(Task inputs Opens)
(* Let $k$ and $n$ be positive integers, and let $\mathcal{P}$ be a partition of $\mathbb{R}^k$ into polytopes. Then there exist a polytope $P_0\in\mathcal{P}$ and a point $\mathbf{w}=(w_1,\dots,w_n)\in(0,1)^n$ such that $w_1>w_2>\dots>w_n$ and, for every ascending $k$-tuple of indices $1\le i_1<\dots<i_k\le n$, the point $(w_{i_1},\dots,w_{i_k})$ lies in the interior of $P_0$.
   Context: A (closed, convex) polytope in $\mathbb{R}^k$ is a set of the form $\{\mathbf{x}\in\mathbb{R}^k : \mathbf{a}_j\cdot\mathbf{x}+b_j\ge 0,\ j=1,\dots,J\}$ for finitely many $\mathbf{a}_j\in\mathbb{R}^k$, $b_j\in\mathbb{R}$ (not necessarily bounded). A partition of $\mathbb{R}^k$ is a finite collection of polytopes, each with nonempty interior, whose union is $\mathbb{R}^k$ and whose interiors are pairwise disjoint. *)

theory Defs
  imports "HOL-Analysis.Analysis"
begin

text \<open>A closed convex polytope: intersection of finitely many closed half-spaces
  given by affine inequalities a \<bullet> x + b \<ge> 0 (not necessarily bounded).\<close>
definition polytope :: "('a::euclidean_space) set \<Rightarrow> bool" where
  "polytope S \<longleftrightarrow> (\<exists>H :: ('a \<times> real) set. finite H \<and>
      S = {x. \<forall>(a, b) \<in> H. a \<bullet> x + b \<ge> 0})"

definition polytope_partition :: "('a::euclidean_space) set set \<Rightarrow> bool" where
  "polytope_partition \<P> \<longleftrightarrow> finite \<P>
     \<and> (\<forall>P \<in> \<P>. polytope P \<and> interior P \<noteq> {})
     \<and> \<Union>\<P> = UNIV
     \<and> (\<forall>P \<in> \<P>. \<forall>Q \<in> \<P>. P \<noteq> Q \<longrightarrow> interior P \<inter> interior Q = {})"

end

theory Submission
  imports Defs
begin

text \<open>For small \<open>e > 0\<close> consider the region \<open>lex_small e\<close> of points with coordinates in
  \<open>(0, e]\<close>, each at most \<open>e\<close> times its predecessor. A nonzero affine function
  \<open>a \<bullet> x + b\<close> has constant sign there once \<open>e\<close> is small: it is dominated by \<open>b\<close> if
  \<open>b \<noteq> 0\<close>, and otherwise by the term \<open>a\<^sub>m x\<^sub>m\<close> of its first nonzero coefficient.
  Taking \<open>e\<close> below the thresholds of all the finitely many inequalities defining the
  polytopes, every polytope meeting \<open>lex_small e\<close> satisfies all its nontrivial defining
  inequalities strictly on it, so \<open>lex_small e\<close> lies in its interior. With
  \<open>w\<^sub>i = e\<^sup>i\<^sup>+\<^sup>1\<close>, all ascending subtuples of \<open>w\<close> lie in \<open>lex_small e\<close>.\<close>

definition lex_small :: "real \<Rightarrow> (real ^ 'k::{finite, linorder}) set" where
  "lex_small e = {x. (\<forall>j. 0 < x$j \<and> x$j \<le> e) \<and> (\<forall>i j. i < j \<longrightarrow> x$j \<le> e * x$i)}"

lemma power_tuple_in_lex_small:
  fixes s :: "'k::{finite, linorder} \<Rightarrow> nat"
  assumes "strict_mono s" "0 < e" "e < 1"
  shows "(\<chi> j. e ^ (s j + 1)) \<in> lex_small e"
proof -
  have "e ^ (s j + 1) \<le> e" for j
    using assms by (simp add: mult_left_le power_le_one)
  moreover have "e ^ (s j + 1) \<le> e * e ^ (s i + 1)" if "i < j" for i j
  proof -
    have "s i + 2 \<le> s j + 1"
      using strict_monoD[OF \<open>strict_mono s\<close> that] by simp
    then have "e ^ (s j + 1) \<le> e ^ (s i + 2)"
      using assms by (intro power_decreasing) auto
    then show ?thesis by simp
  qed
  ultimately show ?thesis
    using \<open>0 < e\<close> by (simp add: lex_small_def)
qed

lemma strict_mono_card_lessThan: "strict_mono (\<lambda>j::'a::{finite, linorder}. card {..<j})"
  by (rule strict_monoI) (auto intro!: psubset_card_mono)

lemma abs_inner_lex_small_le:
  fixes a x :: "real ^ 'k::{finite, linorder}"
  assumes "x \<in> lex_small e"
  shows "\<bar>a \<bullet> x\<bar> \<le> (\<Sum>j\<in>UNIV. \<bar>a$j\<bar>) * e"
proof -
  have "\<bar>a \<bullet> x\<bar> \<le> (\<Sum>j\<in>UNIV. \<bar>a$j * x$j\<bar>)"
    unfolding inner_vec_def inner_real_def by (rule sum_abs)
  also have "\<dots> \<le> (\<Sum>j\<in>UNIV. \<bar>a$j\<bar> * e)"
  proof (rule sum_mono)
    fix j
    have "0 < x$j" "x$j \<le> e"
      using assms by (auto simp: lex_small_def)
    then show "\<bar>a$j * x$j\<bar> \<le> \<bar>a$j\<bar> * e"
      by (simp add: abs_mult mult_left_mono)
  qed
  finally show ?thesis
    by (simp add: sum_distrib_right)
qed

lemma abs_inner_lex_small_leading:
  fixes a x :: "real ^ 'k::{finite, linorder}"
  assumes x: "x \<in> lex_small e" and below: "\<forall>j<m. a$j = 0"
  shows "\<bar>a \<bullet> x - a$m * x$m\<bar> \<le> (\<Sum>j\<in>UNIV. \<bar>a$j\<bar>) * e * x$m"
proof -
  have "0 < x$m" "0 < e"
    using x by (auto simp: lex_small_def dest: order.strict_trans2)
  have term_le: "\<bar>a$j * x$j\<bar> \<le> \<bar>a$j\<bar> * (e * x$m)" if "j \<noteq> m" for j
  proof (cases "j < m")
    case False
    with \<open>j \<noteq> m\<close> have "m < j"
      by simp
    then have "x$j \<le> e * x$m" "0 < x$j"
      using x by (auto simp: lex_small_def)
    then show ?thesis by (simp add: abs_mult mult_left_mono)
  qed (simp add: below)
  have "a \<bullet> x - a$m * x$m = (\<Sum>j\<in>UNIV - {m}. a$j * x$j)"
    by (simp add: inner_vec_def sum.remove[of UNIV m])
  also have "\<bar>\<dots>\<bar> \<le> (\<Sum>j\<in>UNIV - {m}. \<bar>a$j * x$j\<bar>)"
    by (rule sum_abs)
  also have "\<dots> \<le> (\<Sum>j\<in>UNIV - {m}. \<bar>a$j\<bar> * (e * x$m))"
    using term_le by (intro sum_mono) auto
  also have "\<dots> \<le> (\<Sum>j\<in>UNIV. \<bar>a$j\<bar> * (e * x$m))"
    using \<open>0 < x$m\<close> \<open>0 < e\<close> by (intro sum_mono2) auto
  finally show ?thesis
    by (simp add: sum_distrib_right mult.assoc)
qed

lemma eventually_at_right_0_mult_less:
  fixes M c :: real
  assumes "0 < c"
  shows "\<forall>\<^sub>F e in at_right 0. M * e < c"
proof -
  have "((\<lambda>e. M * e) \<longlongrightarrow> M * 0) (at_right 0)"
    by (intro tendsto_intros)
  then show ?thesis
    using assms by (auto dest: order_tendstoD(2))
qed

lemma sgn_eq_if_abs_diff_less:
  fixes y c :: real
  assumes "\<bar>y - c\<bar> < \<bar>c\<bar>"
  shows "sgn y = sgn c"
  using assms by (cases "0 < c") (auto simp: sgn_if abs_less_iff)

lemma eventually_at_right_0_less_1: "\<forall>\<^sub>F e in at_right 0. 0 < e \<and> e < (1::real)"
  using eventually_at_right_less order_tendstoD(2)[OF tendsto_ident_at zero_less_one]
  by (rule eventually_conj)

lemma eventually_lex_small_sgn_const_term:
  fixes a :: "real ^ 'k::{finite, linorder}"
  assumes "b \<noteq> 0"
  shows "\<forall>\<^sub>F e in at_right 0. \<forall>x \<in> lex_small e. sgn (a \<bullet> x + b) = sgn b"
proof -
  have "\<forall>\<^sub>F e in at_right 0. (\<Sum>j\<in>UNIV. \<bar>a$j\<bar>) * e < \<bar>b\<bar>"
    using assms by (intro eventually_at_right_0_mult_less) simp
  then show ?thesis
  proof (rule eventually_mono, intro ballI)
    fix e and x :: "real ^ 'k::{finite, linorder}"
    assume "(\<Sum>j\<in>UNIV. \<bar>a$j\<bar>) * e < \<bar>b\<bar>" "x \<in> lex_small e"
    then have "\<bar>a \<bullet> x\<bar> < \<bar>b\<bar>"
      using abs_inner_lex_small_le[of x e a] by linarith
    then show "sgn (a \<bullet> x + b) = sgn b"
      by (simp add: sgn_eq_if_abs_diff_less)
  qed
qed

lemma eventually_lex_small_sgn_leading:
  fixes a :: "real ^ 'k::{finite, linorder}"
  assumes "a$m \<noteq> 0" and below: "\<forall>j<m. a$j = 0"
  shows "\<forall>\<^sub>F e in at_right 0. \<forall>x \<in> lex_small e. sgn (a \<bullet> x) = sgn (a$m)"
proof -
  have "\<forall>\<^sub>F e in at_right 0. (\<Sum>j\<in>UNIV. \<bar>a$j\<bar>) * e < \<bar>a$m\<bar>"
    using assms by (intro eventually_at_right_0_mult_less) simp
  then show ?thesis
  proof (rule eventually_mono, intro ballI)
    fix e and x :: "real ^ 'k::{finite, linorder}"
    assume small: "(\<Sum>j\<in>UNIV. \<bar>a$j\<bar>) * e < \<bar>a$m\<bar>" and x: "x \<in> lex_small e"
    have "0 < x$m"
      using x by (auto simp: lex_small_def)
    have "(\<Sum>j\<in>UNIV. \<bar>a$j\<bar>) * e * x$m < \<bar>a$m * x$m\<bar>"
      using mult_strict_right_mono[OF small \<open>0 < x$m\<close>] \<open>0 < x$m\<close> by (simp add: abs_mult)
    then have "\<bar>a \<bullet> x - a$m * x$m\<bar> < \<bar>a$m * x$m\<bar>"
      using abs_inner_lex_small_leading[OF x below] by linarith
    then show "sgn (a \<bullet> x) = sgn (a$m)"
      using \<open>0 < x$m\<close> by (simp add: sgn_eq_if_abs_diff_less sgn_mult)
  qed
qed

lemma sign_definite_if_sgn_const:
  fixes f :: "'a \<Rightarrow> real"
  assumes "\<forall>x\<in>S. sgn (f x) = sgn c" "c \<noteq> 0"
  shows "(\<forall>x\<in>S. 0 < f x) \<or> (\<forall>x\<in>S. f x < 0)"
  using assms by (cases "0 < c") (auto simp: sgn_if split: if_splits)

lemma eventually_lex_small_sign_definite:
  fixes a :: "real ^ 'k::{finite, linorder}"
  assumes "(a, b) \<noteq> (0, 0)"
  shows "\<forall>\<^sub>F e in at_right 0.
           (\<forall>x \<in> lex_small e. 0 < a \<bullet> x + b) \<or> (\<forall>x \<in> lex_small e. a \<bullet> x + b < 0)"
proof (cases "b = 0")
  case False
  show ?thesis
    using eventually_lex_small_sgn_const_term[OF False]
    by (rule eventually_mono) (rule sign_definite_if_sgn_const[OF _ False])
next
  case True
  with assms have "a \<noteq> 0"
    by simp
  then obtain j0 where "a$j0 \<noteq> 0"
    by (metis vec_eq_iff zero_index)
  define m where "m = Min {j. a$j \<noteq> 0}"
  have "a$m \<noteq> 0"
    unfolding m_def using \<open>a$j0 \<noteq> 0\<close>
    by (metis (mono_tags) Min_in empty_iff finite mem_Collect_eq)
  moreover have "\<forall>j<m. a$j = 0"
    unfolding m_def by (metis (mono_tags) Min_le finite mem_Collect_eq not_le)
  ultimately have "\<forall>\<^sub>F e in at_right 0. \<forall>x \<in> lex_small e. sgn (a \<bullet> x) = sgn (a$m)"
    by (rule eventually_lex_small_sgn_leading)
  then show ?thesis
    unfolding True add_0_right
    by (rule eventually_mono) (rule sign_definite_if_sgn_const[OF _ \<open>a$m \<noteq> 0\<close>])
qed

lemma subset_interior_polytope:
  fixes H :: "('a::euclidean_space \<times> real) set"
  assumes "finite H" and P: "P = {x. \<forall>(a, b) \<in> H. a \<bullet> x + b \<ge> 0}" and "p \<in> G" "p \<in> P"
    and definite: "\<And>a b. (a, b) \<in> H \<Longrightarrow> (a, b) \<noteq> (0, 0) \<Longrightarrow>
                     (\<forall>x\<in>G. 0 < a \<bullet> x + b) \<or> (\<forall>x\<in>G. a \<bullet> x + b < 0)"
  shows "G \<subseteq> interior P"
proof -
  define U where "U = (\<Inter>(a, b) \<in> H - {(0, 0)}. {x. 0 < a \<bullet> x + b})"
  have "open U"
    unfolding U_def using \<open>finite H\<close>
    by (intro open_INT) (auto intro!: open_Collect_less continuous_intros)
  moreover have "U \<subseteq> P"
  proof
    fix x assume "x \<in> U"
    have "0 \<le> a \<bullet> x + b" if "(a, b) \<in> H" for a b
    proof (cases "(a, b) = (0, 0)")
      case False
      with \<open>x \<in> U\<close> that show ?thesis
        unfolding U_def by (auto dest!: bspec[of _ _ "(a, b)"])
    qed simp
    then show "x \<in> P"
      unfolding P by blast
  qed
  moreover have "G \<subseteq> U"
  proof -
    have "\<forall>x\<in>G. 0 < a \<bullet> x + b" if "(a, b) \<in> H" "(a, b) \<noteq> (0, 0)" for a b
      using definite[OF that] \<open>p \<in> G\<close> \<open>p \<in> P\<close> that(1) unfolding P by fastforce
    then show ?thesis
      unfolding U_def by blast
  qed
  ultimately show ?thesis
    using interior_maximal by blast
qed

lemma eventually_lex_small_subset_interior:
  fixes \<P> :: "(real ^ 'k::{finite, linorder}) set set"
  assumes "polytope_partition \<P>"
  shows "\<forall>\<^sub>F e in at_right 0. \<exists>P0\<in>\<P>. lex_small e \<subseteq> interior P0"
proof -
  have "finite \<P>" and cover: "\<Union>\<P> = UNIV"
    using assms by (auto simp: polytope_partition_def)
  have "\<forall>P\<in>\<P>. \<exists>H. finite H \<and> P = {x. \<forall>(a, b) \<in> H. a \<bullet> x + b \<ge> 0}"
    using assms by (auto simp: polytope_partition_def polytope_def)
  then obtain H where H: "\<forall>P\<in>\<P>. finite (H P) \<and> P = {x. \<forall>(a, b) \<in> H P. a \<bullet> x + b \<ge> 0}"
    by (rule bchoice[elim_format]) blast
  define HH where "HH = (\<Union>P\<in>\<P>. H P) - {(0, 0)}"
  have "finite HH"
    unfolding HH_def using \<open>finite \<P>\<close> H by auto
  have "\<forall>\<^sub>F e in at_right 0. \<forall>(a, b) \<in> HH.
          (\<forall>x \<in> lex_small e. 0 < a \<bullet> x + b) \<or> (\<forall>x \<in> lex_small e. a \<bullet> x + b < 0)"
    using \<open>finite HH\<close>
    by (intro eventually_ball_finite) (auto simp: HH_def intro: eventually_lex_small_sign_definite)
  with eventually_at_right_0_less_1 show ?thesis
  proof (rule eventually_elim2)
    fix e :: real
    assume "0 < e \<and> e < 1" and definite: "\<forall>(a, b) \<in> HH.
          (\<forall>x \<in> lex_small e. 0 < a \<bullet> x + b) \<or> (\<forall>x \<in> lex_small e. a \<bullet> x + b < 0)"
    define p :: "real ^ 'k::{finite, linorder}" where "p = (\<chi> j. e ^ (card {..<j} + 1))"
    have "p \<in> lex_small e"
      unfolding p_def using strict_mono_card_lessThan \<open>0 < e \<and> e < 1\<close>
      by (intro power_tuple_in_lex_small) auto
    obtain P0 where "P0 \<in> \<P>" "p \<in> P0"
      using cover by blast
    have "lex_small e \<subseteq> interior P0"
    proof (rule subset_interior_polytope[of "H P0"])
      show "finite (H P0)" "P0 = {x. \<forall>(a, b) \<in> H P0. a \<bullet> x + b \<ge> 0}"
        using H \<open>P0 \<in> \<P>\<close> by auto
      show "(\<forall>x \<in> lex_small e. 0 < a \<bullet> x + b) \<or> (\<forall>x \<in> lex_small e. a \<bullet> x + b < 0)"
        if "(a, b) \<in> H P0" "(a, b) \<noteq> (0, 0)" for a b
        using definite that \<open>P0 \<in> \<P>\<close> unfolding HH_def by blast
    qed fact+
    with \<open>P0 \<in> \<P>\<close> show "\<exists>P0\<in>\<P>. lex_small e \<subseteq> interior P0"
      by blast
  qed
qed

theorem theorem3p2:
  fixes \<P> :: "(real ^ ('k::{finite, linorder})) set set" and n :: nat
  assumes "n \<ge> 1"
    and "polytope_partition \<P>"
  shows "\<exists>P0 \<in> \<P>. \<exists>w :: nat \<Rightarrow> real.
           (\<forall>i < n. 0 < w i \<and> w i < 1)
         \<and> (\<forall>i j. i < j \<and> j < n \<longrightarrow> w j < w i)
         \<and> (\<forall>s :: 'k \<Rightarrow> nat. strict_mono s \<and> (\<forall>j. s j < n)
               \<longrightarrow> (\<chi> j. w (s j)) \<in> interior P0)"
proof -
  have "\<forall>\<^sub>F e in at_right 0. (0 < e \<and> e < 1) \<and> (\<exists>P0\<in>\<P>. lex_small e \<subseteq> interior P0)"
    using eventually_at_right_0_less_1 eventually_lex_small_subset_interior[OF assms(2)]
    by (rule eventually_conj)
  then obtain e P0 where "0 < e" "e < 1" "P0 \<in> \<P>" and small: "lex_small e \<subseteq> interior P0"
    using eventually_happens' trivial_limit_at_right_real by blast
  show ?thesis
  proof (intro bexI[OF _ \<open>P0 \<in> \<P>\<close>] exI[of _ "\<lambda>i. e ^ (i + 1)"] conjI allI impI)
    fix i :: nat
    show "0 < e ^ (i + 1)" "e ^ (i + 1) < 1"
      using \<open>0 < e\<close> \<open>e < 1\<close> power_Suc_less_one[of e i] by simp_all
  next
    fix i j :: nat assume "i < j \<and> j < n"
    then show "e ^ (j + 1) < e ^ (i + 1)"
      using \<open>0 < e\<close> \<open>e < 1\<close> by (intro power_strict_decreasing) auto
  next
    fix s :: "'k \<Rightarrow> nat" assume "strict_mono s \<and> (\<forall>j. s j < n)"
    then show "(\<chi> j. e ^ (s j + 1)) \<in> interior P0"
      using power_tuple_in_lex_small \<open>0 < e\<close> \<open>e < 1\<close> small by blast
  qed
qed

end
(Task inputs Closes)
## Task to complete
For each line in the entries that holds "below", return that line.

## Written solution
  Taking \<open>e\<close> below the thresholds of all the finitely many inequalities defining the
  assumes x: "x \<in> lex_small e" and below: "\<forall>j<m. a$j = 0"
  qed (simp add: below)
  assumes "a$m \<noteq> 0" and below: "\<forall>j<m. a$j = 0"
      using abs_inner_lex_small_leading[OF x below] by linarith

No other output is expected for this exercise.